# QI - Why is Alan Davies on every week?



## no-no (May 8, 2008)

Is he a team captain? Is he best chums with Stephen Fry? Is the show all his idea?

For a while I thought it was loser stays on....


----------



## Vintage Paw (May 8, 2008)

It's a gimmick.

I can never decide whether I like his dopey hairy slightly pathetic persona or not. I'm on the fence.


----------



## Epico (May 8, 2008)

I think he's meant to be resident idiot-savant to act as a balance for all-round brainbox Stephen Fry.


----------



## no-no (May 8, 2008)

I can't make up my mind about him either, can they not find another clown?


----------



## TheDave (May 8, 2008)

I think he's the dullard to Stephen Fry's genius, I don't mind it really. They work quite well together.


----------



## The Groke (May 8, 2008)

I like him just fine.

I will forgive him most things as I love his "" from the Urban Trauma stand-up video.

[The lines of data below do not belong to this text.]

(* In the setting described in the context, the left kernel of $\mathbf G$ has dimension equal to the number of vertices of the mesh: $$\dim\ker(\mathbf G^T)=|\mathring{\mathcal V}|+|\mathcal V_\partial|=|\mathcal V|,$$ and a basis of $\ker(\mathbf G^T)$ can be constructed consisting of one vector associated with each vertex of the mesh.
   Context: $\Omega\subset\mathbb{R}^2$ is a bounded, connected, open polygonal domain (possibly with holes) and $\mathcal T$ a conforming triangulation of $\Omega$ with edges $\mathcal E$ and vertices $\mathcal V$, each triangle having at most one edge on $\partial\Omega$. $\mathring{\mathcal E}$ is the set of internal edges (shared by two triangles), $\mathring{\mathcal V}$ the set of internal vertices and $\mathcal V_\partial$ the set of boundary vertices. Every edge is oriented (from $A=(x_A,y_A)$ to $B=(x_B,y_B)$) and all triangles have the same rotation sense; $\delta_T^\Gamma=+1$ if the orientation of the edge $\Gamma\subset\partial T$ agrees with that of $\partial T$, $-1$ otherwise. $\boldsymbol{\Delta}$ is the $|\mathcal T|\times|\mathring{\mathcal E}|$ matrix with entry $\delta_T^\Gamma$ if $\Gamma\in\mathring{\mathcal E}$ is an edge of $T$ and $0$ otherwise. For each internal edge, $a_\Gamma=y_B-y_A$, $b_\Gamma=x_A-x_B$, $c_\Gamma=x_By_A-y_Bx_A$, and $\mathbf a,\mathbf b,\mathbf c$ are the corresponding diagonal $|\mathring{\mathcal E}|\times|\mathring{\mathcal E}|$ matrices. $\mathbf G$ is the $(3|\mathcal T|+|\mathring{\mathcal E}|)\times 3|\mathring{\mathcal E}|$ matrix $$\mathbf G=\begin{pmatrix}\boldsymbol{\Delta}&0&0\\0&\boldsymbol{\Delta}&0\\0&0&\boldsymbol{\Delta}\\ \mathbf c&\mathbf a&\mathbf b\end{pmatrix}.$$ *)

theory Defs
  imports "HOL-Analysis.Analysis" "HOL-Library.Function_Algebras"
begin

type_synonym pt = "real \<times> real"

text \<open>Bounded connected open polygonal domain (possibly with holes): its boundary is a
  finite union of pairwise disjoint closed Jordan curves (polygonality of the boundary
  is forced by the triangulation below).\<close>
definition polygonal_domain :: "pt set \<Rightarrow> bool" where
  "polygonal_domain \<Omega> \<longleftrightarrow> open \<Omega> \<and> bounded \<Omega> \<and> connected \<Omega> \<and> \<Omega> \<noteq> {} \<and>
     (\<exists>C. finite C \<and> pairwise disjnt C \<and> frontier \<Omega> = \<Union>C \<and>
          (\<forall>c\<in>C. c homeomorphic sphere (0::pt) 1))"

Non cat lovers need not apply.


----------



## DotCommunist (May 8, 2008)

I think he's a twat.


----------



## Jografer (May 8, 2008)

.. they balance each other, it works imho..

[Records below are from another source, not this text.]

(* Let $R$ be the ring of integers of a finite extension of $\mathbb Q_p$, let $\nu\in\Lambda^{\mathrm{dig}}_{R,1}$, and let $f_\nu(T)\in R[[T]]$ be the Amice transform of $d_{\infty,1}(\nu)$. Then: (1) $\nu(\mathbf 1)$ is a unit of $R$ if and only if $\mu(f_\nu)=\lambda(f_\nu)=0$; (2) $\nu(\mathbf 1)$ is not a unit of $R$ and $D\nu$ is a unit of $R$ if and only if $\mu(f_\nu)=0$ and $\lambda(f_\nu)=1$.
   Context: $\Lambda^{\mathrm{dig}}_{R,1}=\varprojlim_nR[(\mathbb Z/p)^n]$ is the algebra of $R$-valued measures on $(\mathbb Z/p)^{\mathbb N}$. The digit map $d_{\infty,1}:(\mathbb Z/p)^{\mathbb N}\to\mathbb Z_p$, $(a_i)\mapsto\sum_{i\ge1}\tilde a_ip^{i-1}$ ($\tilde a_i\in\{0,\ldots,p-1\}$), induces by pushforward an $R$-module isomorphism $\Lambda^{\mathrm{dig}}_{R,1}\to R[[\mathbb Z_p]]$. The Amice transform sends $\mu\in R[[\mathbb Z_p]]$ to $\sum_{k\ge0}\mu(\binom{x}{k})T^k$. $\nu(\mathbf 1)$ is the total mass of $\nu$; $D\nu=\sum_{a=1}^{p}a\,\nu(\mathbf 1_{\pi_1^{-1}\{a\}})$ where $\pi_1$ is projection to the first factor $\mathbb Z/p$. Weierstrass invariants: with $\pi$ a uniformizer of $R$, a nonzero $f\in R[[T]]$ factors uniquely as $\pi^{\mu(f)}g(T)u(T)$ with $u\in R[[T]]^\times$ and $g$ monic of degree $\lambda(f)$ with non-leading coefficients in $(\pi)$; for $f=0$, $\mu(f)=\infty$, $\lambda(f)=0$. *)

theory Defs
  imports "HOL-Computational_Algebra.Polynomial_FPS" "HOL-Library.Extended_Nat"
begin

definition padic_lim :: "'r::comm_ring_1 \<Rightarrow> (nat \<Rightarrow> 'r) \<Rightarrow> 'r \<Rightarrow> bool" where
  "padic_lim \<pi> s l \<longleftrightarrow> (\<forall>m. \<exists>N. \<forall>n\<ge>N. \<pi> ^ m dvd (s n - l))"

text \<open>R (the type) is the ring of integers of a finite extension of Q_p with uniformizer pi:
  a discrete valuation ring of characteristic 0 (type class) with uniformizer pi,
  complete for the pi-adic topology, with finite residue field of characteristic p.\<close>
definition padic_int_ring :: "nat \<Rightarrow> 'r::{idom,ring_char_0} \<Rightarrow> bool" where
  "padic_int_ring p \<pi> \<longleftrightarrow>
     prime p \<and> \<pi> \<noteq> 0 \<and> \<not> \<pi> dvd 1 \<and>
     (\<forall>x. x \<noteq> 0 \<longrightarrow> (\<exists>u n. u dvd 1 \<and> x = u * \<pi> ^ n)) \<and>
     (\<forall>s. (\<forall>m. \<exists>N. \<forall>i\<ge>N. \<forall>j\<ge>N. \<pi> ^ m dvd (s i - s j)) \<longrightarrow> (\<exists>l. padic_lim \<pi> s l)) \<and>
     (\<exists>S. finite S \<and> (\<forall>x. \<exists>y\<in>S. \<pi> dvd (x - y))) \<and>
     \<pi> dvd of_nat p"

text \<open>An element of (Z/p)^n is a list of length n with entries in {0..<p};
  its first entry is the first coordinate.\<close>
definition digit_lists :: "nat \<Rightarrow> nat \<Rightarrow> nat list set" where
  "digit_lists p n = {a. length a = n \<and> set a \<subseteq> {..<p}}"

text \<open>An element of the inverse limit of R[(Z/p)^n]: a family of functions on (Z/p)^n
  compatible under the projections (Z/p)^(n+1) -> (Z/p)^n forgetting the last coordinate.\<close>
definition is_dig_measure :: "nat \<Rightarrow> (nat list \<Rightarrow> 'r::comm_ring_1) \<Rightarrow> bool" where
  "is_dig_measure p \<nu> \<longleftrightarrow> (\<forall>a \<in> (\<Union>n. digit_lists p n). \<nu> a = (\<Sum>b<p. \<nu> (a @ [b])))"

definition total_mass :: "(nat list \<Rightarrow> 'r::comm_ring_1) \<Rightarrow> 'r" where
  "total_mass \<nu> = \<nu> []"

text \<open>D nu = sum_{a=1}^{p} a * nu(pi_1^{-1}{a}), where a is read in Z/p (so a = p means 0).\<close>
definition dig_D :: "nat \<Rightarrow> (nat list \<Rightarrow> 'r::comm_ring_1) \<Rightarrow> 'r" where
  "dig_D p \<nu> = (\<Sum>a\<in>{1..p}. of_nat a * \<nu> [a mod p])"

text \<open>Digit value sum_i a_i p^(i-1) (1-based), here 0-based indexing.\<close>
definition digval :: "nat \<Rightarrow> nat list \<Rightarrow> nat" where
  "digval p a = (\<Sum>i<length a. a ! i * p ^ i)"

text \<open>Pushforward along d_{infty,1}: the measure on Z_p as the compatible family
  mu_n on Z/p^n = {0..<p^n}.\<close>
definition dig_push :: "nat \<Rightarrow> (nat list \<Rightarrow> 'r::comm_ring_1) \<Rightarrow> nat \<Rightarrow> nat \<Rightarrow> 'r" where
  "dig_push p \<nu> n c = (\<Sum>a\<in>{a \<in> digit_lists p n. digval p a = c}. \<nu> a)"

text \<open>Integral of the continuous function binom(x,k) against a measure mu on Z_p,
  as pi-adic limit of Riemann sums; the Amice transform.\<close>
definition amice_coeff :: "'r::comm_ring_1 \<Rightarrow> nat \<Rightarrow> (nat \<Rightarrow> nat \<Rightarrow> 'r) \<Rightarrow> nat \<Rightarrow> 'r" where
  "amice_coeff \<pi> p \<mu> k =
     (THE l. padic_lim \<pi> (\<lambda>n. \<Sum>c<p ^ n. \<mu> n c * of_nat (c choose k)) l)"

definition amice :: "'r::comm_ring_1 \<Rightarrow> nat \<Rightarrow> (nat \<Rightarrow> nat \<Rightarrow> 'r) \<Rightarrow> 'r fps" where
  "amice \<pi> p \<mu> = Abs_fps (amice_coeff \<pi> p \<mu>)"

definition weier_fact :: "'r::comm_ring_1 \<Rightarrow> 'r fps \<Rightarrow> nat \<Rightarrow> nat \<Rightarrow> bool" where
  "weier_fact \<pi> f m l \<longleftrightarrow>
     (\<exists>g u. degree g = l \<and> lead_coeff g = 1 \<and> (\<forall>i<l. \<pi> dvd coeff g i) \<and>
            u dvd 1 \<and> f = fps_const (\<pi> ^ m) * fps_of_poly g * u)"

definition weier_mu :: "'r::comm_ring_1 \<Rightarrow> 'r fps \<Rightarrow> enat" where
  "weier_mu \<pi> f = (if f = 0 then \<infinity> else enat (THE m. \<exists>l. weier_fact \<pi> f m l))"

definition weier_lambda :: "'r::comm_ring_1 \<Rightarrow> 'r fps \<Rightarrow> nat" where
  "weier_lambda \<pi> f = (if f = 0 then 0 else (THE l. \<exists>m. weier_fact \<pi> f m l))"

end

(*
  The Amice transform f of the pushforward of \<nu> has constant coefficient f\<^sub>0 = \<nu>(1), and f\<^sub>1
  is the \<pi>-adic limit of the Riemann sums \<Sum> \<nu>(a) x(a) over the levels (\<int>/p)\<^sup>n. Since the n-th
  digit enters with weight p\<^sup>n and \<pi> | p, all these sums are congruent modulo \<pi> to the first one,
  which differs from D\<nu> by p \<nu>{a\<^sub>1 = 0}. So f\<^sub>1 \<equiv> D\<nu> (mod \<pi>).
  On the other hand, Weierstrass preparation over the complete discrete valuation ring R (proved
  by a \<pi>-adic contraction argument) shows that \<mu>(f) = 0 and \<lambda>(f) = l hold exactly when
  f\<^sub>0, ..., f\<^sub>l\<^sub>-\<^sub>1 are divisible by \<pi> and f\<^sub>l is a unit. Taking l = 0 and l = 1 gives the claim.
*)

theory Submission
  imports Defs
begin

unbundle fps_syntax

lemma fps_dvd_one_iff:
  fixes f :: "'a::comm_ring_1 fps"
  shows "f dvd 1 \<longleftrightarrow> f $ 0 dvd 1"
proof
  assume "f dvd 1"
  then obtain g where "1 = f * g" by (rule dvdE)
  then have "f $ 0 * g $ 0 = 1" by (metis fps_mult_nth_0 fps_one_nth)
  then show "f $ 0 dvd 1" by (metis dvdI)
next
  assume "f $ 0 dvd 1"
  then obtain y where "f $ 0 * y = 1" by (metis dvdE)
  then have "f * fps_right_inverse f y = 1" by (rule fps_right_inverse)
  then show "f dvd 1" by (metis dvdI)
qed

lemma fps_const_dvd_iff:
  fixes f :: "'a::comm_ring_1 fps"
  shows "fps_const c dvd f \<longleftrightarrow> (\<forall>n. c dvd f $ n)"
proof
  assume "fps_const c dvd f"
  then show "\<forall>n. c dvd f $ n" by (auto elim!: dvdE)
next
  assume "\<forall>n. c dvd f $ n"
  then have "\<forall>n. \<exists>y. f $ n = c * y" by (auto elim!: dvdE)
  then have "f = fps_const c * Abs_fps (\<lambda>n. SOME y. f $ n = c * y)"
    by (intro fps_ext) (auto intro: someI_ex)
  then show "fps_const c dvd f" by (rule dvdI)
qed

lemma fps_const_dvd_fps_const: "(c :: 'a::comm_ring_1) dvd d \<Longrightarrow> fps_const c dvd fps_const d"
  by (auto simp: fps_const_dvd_iff intro: dvd_mult2)

lemma fps_const_power_dvd:
  "m \<le> n \<Longrightarrow> fps_const ((c :: 'a::comm_ring_1) ^ m) dvd fps_const (c ^ n)"
  by (intro fps_const_dvd_fps_const le_imp_power_dvd)

lemma fps_const_dvd_fps_shift:
  fixes f :: "'a::comm_ring_1 fps"
  shows "fps_const c dvd f \<Longrightarrow> fps_const c dvd fps_shift n f"
  by (simp add: fps_const_dvd_iff)

lemma fps_eq_monic_poly:
  fixes G :: "'a::comm_ring_1 fps"
  assumes "G $ l = 1" and "\<And>i. i > l \<Longrightarrow> G $ i = 0"
  obtains g where "fps_of_poly g = G" "degree g = l" "lead_coeff g = 1"
proof
  define g where "g = Poly (map (\<lambda>i. G $ i) [0..<Suc l])"
  have coeff_g: "coeff g i = G $ i" for i
    using assms(2)[of i] by (auto simp: g_def nth_default_def simp del: upt_Suc)
  show "fps_of_poly g = G" by (rule fps_ext) (simp add: coeff_g)
  show "degree g = l"
    by (rule antisym, rule degree_le, use assms coeff_g in simp, rule le_degree)
      (simp add: coeff_g assms)
  then show "lead_coeff g = 1" by (simp add: coeff_g assms)
qed

section \<open>Complete discrete valuation rings\<close>

locale complete_dvr =
  fixes \<pi> :: "'r::idom"
  assumes uniformizer_nonzero: "\<pi> \<noteq> 0"
    and uniformizer_not_unit: "\<not> \<pi> dvd 1"
    and unit_if_not_dvd: "\<not> \<pi> dvd x \<Longrightarrow> x dvd 1"
    and separated: "(\<And>m. \<pi> ^ m dvd x) \<Longrightarrow> x = 0"
    and complete: "(\<And>m n. m \<le> n \<Longrightarrow> \<pi> ^ m dvd s n - s m) \<Longrightarrow> \<exists>L. padic_lim \<pi> s L"

lemma padic_int_ring_complete_dvr:
  assumes R: "padic_int_ring p \<pi>"
  shows "complete_dvr \<pi>"
proof
  have factor: "\<exists>u n. u dvd 1 \<and> x = u * \<pi> ^ n" if "x \<noteq> 0" for x
    using R that unfolding padic_int_ring_def by simp
  show nonzero: "\<pi> \<noteq> 0" and not_unit: "\<not> \<pi> dvd 1"
    using R unfolding padic_int_ring_def by simp_all
  show "x dvd 1" if "\<not> \<pi> dvd x" for x
  proof -
    have "x \<noteq> 0" using that by auto
    then obtain u n where "u dvd 1" "x = u * \<pi> ^ n" using factor by blast
    with that show ?thesis by (cases n) auto
  qed
  show "x = 0" if dvd: "\<And>m. \<pi> ^ m dvd x" for x
  proof (rule ccontr)
    assume "x \<noteq> 0"
    then obtain u n where u: "u dvd 1" "x = u * \<pi> ^ n" using factor by blast
    then have "\<pi> ^ n * \<pi> dvd \<pi> ^ n * u" using dvd[of "Suc n"] by (simp add: mult.commute)
    then have "\<pi> dvd u" using nonzero by simp
    with u(1) not_unit show False using dvd_trans by blast
  qed
  fix s :: "nat \<Rightarrow> 'a" assume cauchy: "\<And>m n. m \<le> n \<Longrightarrow> \<pi> ^ m dvd s n - s m"
  have "\<pi> ^ m dvd s i - s j" if "m \<le> i" "m \<le> j" for m i j
    using dvd_diff[OF cauchy[OF that(1)] cauchy[OF that(2)]] by simp
  then have "\<forall>m. \<exists>N. \<forall>i\<ge>N. \<forall>j\<ge>N. \<pi> ^ m dvd s i - s j" by blast
  then show "\<exists>L. padic_lim \<pi> s L"
    using R unfolding padic_int_ring_def by simp
qed

context complete_dvr
begin

lemma unit_iff_not_dvd: "x dvd 1 \<longleftrightarrow> \<not> \<pi> dvd x"
  using unit_if_not_dvd uniformizer_not_unit by (metis dvd_trans)

lemma padic_lim_unique:
  assumes "padic_lim \<pi> s L" and "padic_lim \<pi> s L'"
  shows "L = L'"
proof -
  have "\<pi> ^ m dvd L' - L" for m
  proof -
    obtain N N' where "\<forall>n\<ge>N. \<pi> ^ m dvd s n - L" "\<forall>n\<ge>N'. \<pi> ^ m dvd s n - L'"
      using assms unfolding padic_lim_def by blast
    then have "\<pi> ^ m dvd s (max N N') - L" "\<pi> ^ m dvd s (max N N') - L'" by simp_all
    from dvd_diff[OF this] show ?thesis by simp
  qed
  then show ?thesis using separated[of "L' - L"] by simp
qed

lemma cauchy_limit:
  assumes cauchy: "\<And>m n. m \<le> n \<Longrightarrow> \<pi> ^ m dvd s n - s m"
  shows "\<exists>L. padic_lim \<pi> s L \<and> (\<forall>m. \<pi> ^ m dvd L - s m)"
proof -
  obtain L where L: "padic_lim \<pi> s L" using complete[OF cauchy] by blast
  have "\<pi> ^ m dvd L - s m" for m
  proof -
    obtain N where "\<forall>n\<ge>N. \<pi> ^ m dvd s n - L" using L unfolding padic_lim_def by blast
    then have "\<pi> ^ m dvd s (max N m) - s m" "\<pi> ^ m dvd s (max N m) - L"
      using cauchy[of m "max N m"] by simp_all
    from dvd_diff[OF this] show ?thesis by simp
  qed
  with L show ?thesis by blast
qed

lemma fps_separated:
  fixes h :: "'r fps"
  assumes "\<And>m. fps_const (\<pi> ^ m) dvd h"
  shows "h = 0"
proof (rule fps_ext)
  fix i
  have "\<pi> ^ m dvd h $ i" for m using assms[of m] by (simp add: fps_const_dvd_iff)
  then have "h $ i = 0" by (rule separated)
  then show "h $ i = 0 $ i" by simp
qed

... but why is it on TV, seems to be classic R4 material..


----------



## quimcunx (May 8, 2008)

I like 'im.


----------



## unusual_solid (May 8, 2008)

what is wrong with the bloke  seems like a decent guy who plays his part ok. seems to me he would be just the same if you met him in the street or a pub as that which you see on the box which is probably more than you can say for some celebs. alan davies gets a :thumbup:


----------



## El Sueno (May 8, 2008)

I hate the way every time he makes a shit joke, which is most of the time he opens his mouth, he spends the next minute or so desperately trying to milk it for all its worth by miming it out for everyone, as if he has to cater for the deaf or something. Mention a fishing rod and he'll be happy for hours, miming the struggle and eventual horror as he pulls a boot off the end of it and finds it too tough to eat.


----------



## Dandred (May 8, 2008)

I like Q.I. but I think Allan is a twat.


----------



## El Sueno (May 8, 2008)

And he bit someone's ear lately, why was there no fall-out from that incident? If that were a footballer you'd all be up in arms.


----------



## zoooo (May 8, 2008)

I like Alan on QI.
I think the dynamic between him and Stephen works well.

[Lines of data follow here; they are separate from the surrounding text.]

lemma feasible_take_append:
  assumes "1 \<le> l" "length \<sigma> = l + length q"
  shows "feasible A (take l \<sigma> @ q) l \<longleftrightarrow> feasible A \<sigma> l"
  using assms by (intro feasible_cong_take) auto

lemma arrived_permutation:
  assumes "\<sigma> \<in> permutations_of_set L" "l \<le> card L" "finite L"
  shows "arrived \<sigma> l \<subseteq> L" "card (arrived \<sigma> l) = l"
proof -
  have "distinct \<sigma>" "set \<sigma> = L" "length \<sigma> = card L"
    using assms by (auto simp: permutations_of_set_def length_finite_permutations_of_set)
  then show "arrived \<sigma> l \<subseteq> L" "card (arrived \<sigma> l) = l"
    using assms(2) set_take_subset[of l \<sigma>] by (auto simp: arrived_def distinct_card)
qed

lemma card_permutations_round_event:
  assumes "finite L" "S \<subseteq> L" "card S = l"
    and p\<^sub>0: "length p\<^sub>0 = l" "set p\<^sub>0 = S" and q\<^sub>0: "l + length q\<^sub>0 = card L"
    and R_local: "\<And>\<sigma>. length \<sigma> = l + length q\<^sub>0 \<Longrightarrow> R \<sigma> = R (take l \<sigma> @ q\<^sub>0)"
  shows "card {\<sigma> \<in> permutations_of_set L. arrived \<sigma> l = S \<and> tentative_from A \<sigma> (l + 1) = T \<and> R \<sigma>}
           = card {p \<in> permutations_of_set S. R (p @ q\<^sub>0)}
             * card {q \<in> permutations_of_set (L - S). tentative_from A (p\<^sub>0 @ q) (l + 1) = T}"
proof -
  have "R \<sigma> = R (take l \<sigma> @ q\<^sub>0)
        \<and> tentative_from A \<sigma> (l + 1) = tentative_from A (p\<^sub>0 @ drop l \<sigma>) (l + 1)"
    if "\<sigma> \<in> permutations_of_set L" "set (take l \<sigma>) = S" for \<sigma>
  proof -
    have len: "length \<sigma> = l + length q\<^sub>0"
      using that(1) assms(1) q\<^sub>0 by (simp add: length_finite_permutations_of_set)
    from R_local[OF len] show ?thesis
      using tentative_from_append_cong[of "take l \<sigma>" p\<^sub>0 A "drop l \<sigma>"] len p\<^sub>0 that(2)
      by simp
  qed
  then have "{\<sigma> \<in> permutations_of_set L. arrived \<sigma> l = S \<and> tentative_from A \<sigma> (l + 1) = T \<and> R \<sigma>}
      = {\<sigma> \<in> permutations_of_set L. set (take l \<sigma>) = S \<and> R (take l \<sigma> @ q\<^sub>0)
                                   \<and> tentative_from A (p\<^sub>0 @ drop l \<sigma>) (l + 1) = T}"
    by (auto simp: arrived_def)
  then show ?thesis
    using card_permutations_of_set_prefix_split[OF assms(1-3),
        of "\<lambda>p. R (p @ q\<^sub>0)" "\<lambda>q. tentative_from A (p\<^sub>0 @ q) (l + 1) = T"]
    by simp
qed

text \<open>The suffix of the given order only pads each order p of S to full length: acceptance
  depends on start_round of the length, and any suffix of that length would do.\<close>
lemma conditional_prob_feasible_eq:
  fixes L S :: "'l set" and A :: "'l set \<Rightarrow> ('l \<times> 'r) set" and T :: "('l \<times> 'r) set"
    and l :: nat and \<sigma>\<^sub>0 :: "'l list"
  defines "\<Omega> \<equiv> pmf_of_set (permutations_of_set L)"
  defines "C \<equiv> {\<sigma>. arrived \<sigma> l = S \<and> tentative_from A \<sigma> (l + 1) = T \<and> tentative A \<sigma> l \<noteq> None}"
  defines "PC \<equiv> {p \<in> permutations_of_set S. tentative A (p @ drop l \<sigma>\<^sub>0) l \<noteq> None}"
  defines "PF \<equiv> {p \<in> permutations_of_set S. feasible A (p @ drop l \<sigma>\<^sub>0) l}"
  assumes "finite L" "1 \<le> l" "l \<le> card L" "\<sigma>\<^sub>0 \<in> permutations_of_set L" "\<sigma>\<^sub>0 \<in> C"
  shows "measure_pmf.prob \<Omega> ({\<sigma>. feasible A \<sigma> l} \<inter> C) / measure_pmf.prob \<Omega> C
           = real (card PF) / real (card PC)"
    and "PC \<noteq> {}"
proof -
  define P where "P = permutations_of_set L"
  define Q where "Q = {q \<in> permutations_of_set (L - S). tentative_from A (take l \<sigma>\<^sub>0 @ q) (l + 1) = T}"
  have S: "S \<subseteq> L" "card S = l"
    using arrived_permutation[OF assms(8,7,5)] assms(9) by (auto simp: C_def)
  have p\<^sub>0: "length (take l \<sigma>\<^sub>0) = l" "set (take l \<sigma>\<^sub>0) = S"
    and q\<^sub>0: "l + length (drop l \<sigma>\<^sub>0) = card L"
    using assms(5,7-9) by (auto simp: C_def arrived_def length_finite_permutations_of_set)
  note split = card_permutations_round_event[OF assms(5) S p\<^sub>0 q\<^sub>0]
  have "P \<inter> C = {\<sigma> \<in> P. arrived \<sigma> l = S \<and> tentative_from A \<sigma> (l + 1) = T
                            \<and> tentative A \<sigma> l \<noteq> None}"
    by (auto simp: C_def)
  also have "card \<dots> = card PC * card Q"
    unfolding P_def PC_def Q_def
    by (rule split) (use assms(6) in \<open>simp add: tentative_take_append\<close>)
  finally have card_C: "card (P \<inter> C) = card PC * card Q" .
  have "P \<inter> ({\<sigma>. feasible A \<sigma> l} \<inter> C)
          = {\<sigma> \<in> P. arrived \<sigma> l = S \<and> tentative_from A \<sigma> (l + 1) = T \<and> feasible A \<sigma> l}"
    by (auto simp: C_def dest: feasible_tentative_neq_None)
  also have "card \<dots> = card PF * card Q"
    unfolding P_def PF_def Q_def
    by (rule split) (use assms(6) in \<open>simp add: feasible_take_append\<close>)
  finally have card_FC: "card (P \<inter> ({\<sigma>. feasible A \<sigma> l} \<inter> C)) = card PF * card Q" .
  have "P \<noteq> {}" "finite P" using assms(5) by (simp_all add: P_def)
  moreover have "card (P \<inter> C) > 0"
    using assms(8,9) \<open>finite P\<close> by (auto simp: P_def card_gt_0_iff)
  ultimately show "PC \<noteq> {}" and "measure_pmf.prob \<Omega> ({\<sigma>. feasible A \<sigma> l} \<inter> C) / measure_pmf.prob \<Omega> C
          = real (card PF) / real (card PC)"
    using card_C card_FC unfolding \<Omega>_def P_def[symmetric] by (auto simp: measure_pmf_of_set)
qed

Don't diss QI!! It's perfect telly.


----------



## Augie March (May 8, 2008)

There were originally going to be two regular team captains, Davies and Eddie Izzard (who's in the first show). But Izzard buggered off to America and they didn't bother to replace him.

I think Davies is alright, but it's always Rich Hall, Sean Lock and Fry himself that make the show for me.


----------



## zoooo (May 8, 2008)

I like Bill Bailey on it too.


----------



## unusual_solid (May 8, 2008)

Rich Hall looks like he might kick off at any second and Bill Bailey are class.


----------



## Augie March (May 8, 2008)

zoooo said:


> I like Bill Bailey on it too.



Oops. Forgot him. 

I'd wish Dylan Moran would do the show too, reckon he'd be ace on it.


----------



## zoooo (May 8, 2008)

Ooh he would.

I want David Tennant on it. But that's for other... reasons.


----------



## Roadkill (May 8, 2008)

zoooo said:


> I like Bill Bailey on it too.



Yes, he's usually good, isn't he?

I quite like Alan Davies on QI.  He's a good foil for Stephen Fry.


----------



## zoooo (May 8, 2008)

I'm not so keen on erm... that beardy bloke that looks like a potato. 

Rory Mcgrath!

And the other one.... 
They're both swotty know-it-alls. Who keep answering the questions properly instead of doing jokes first.
Silly boys.


----------



## Augie March (May 8, 2008)

Reckon he'd be brilliant on the show too. 

Or even (dare I say it) a potential host should Fry ever leave...


----------



## zoooo (May 8, 2008)

DON'T SAY THAT!

He would be a great guest though.


----------



## Looby (May 8, 2008)

Apparently Alan Davies is a complete cunt irl.


----------



## SpookyFrank (May 8, 2008)

As long as Jeremy Clarkson is never on again they can fill those four chairs with whoever they like afaic*

*probably doomed attempt to introduce a u75 acronym for 'as far as I'm concerned'


----------



## Looby (May 9, 2008)

SpookyFrank said:


> *probably doomed attempt to introduce a u75 acronym for 'as far as I'm concerned'



Sorry to burst your bubble Spooky but that's not new.


----------



## Chz (May 9, 2008)

From Wikipedia (ie: true or not? you decide!)

When it was decided that the show would air on television, Michael Palin was offered the job of chairman with Fry and Davies as captains of "clever" and "stupid" teams respectively. However, when Palin decided not to take the job, Fry stepped in, making Davies the only regular panellist, thus changing the entire format of the show.


----------



## beesonthewhatnow (May 9, 2008)

*Seperated at birth?*

Rich Hall:








Moe Syzlak:


----------



## albionism (May 10, 2008)

Rich Hall is great. Did i read somewhere that Alan Davies bit a homeless persons ear whilst drunk?


----------



## albionism (May 10, 2008)

oh yeah, i did
http://www.thisislondon.co.uk/news/...eless man's ear in drunken attack'/article.do


----------



## Vintage Paw (May 10, 2008)

Swarfega said:


> I like him just fine.
> 
> I will forgive him most things as I love his "" from the Urban Trauma stand-up video.
> 
> ...



Ah, I like that too. Why do I think he's a vegimatariun? That clearly makes him made of win*

I like Sean Lock, Bill Bailey, Rich Hall when they're on. That Sessions bloke pisses me off. And McGrath.











*I'm ignoring the Hitler factor in this argument.


----------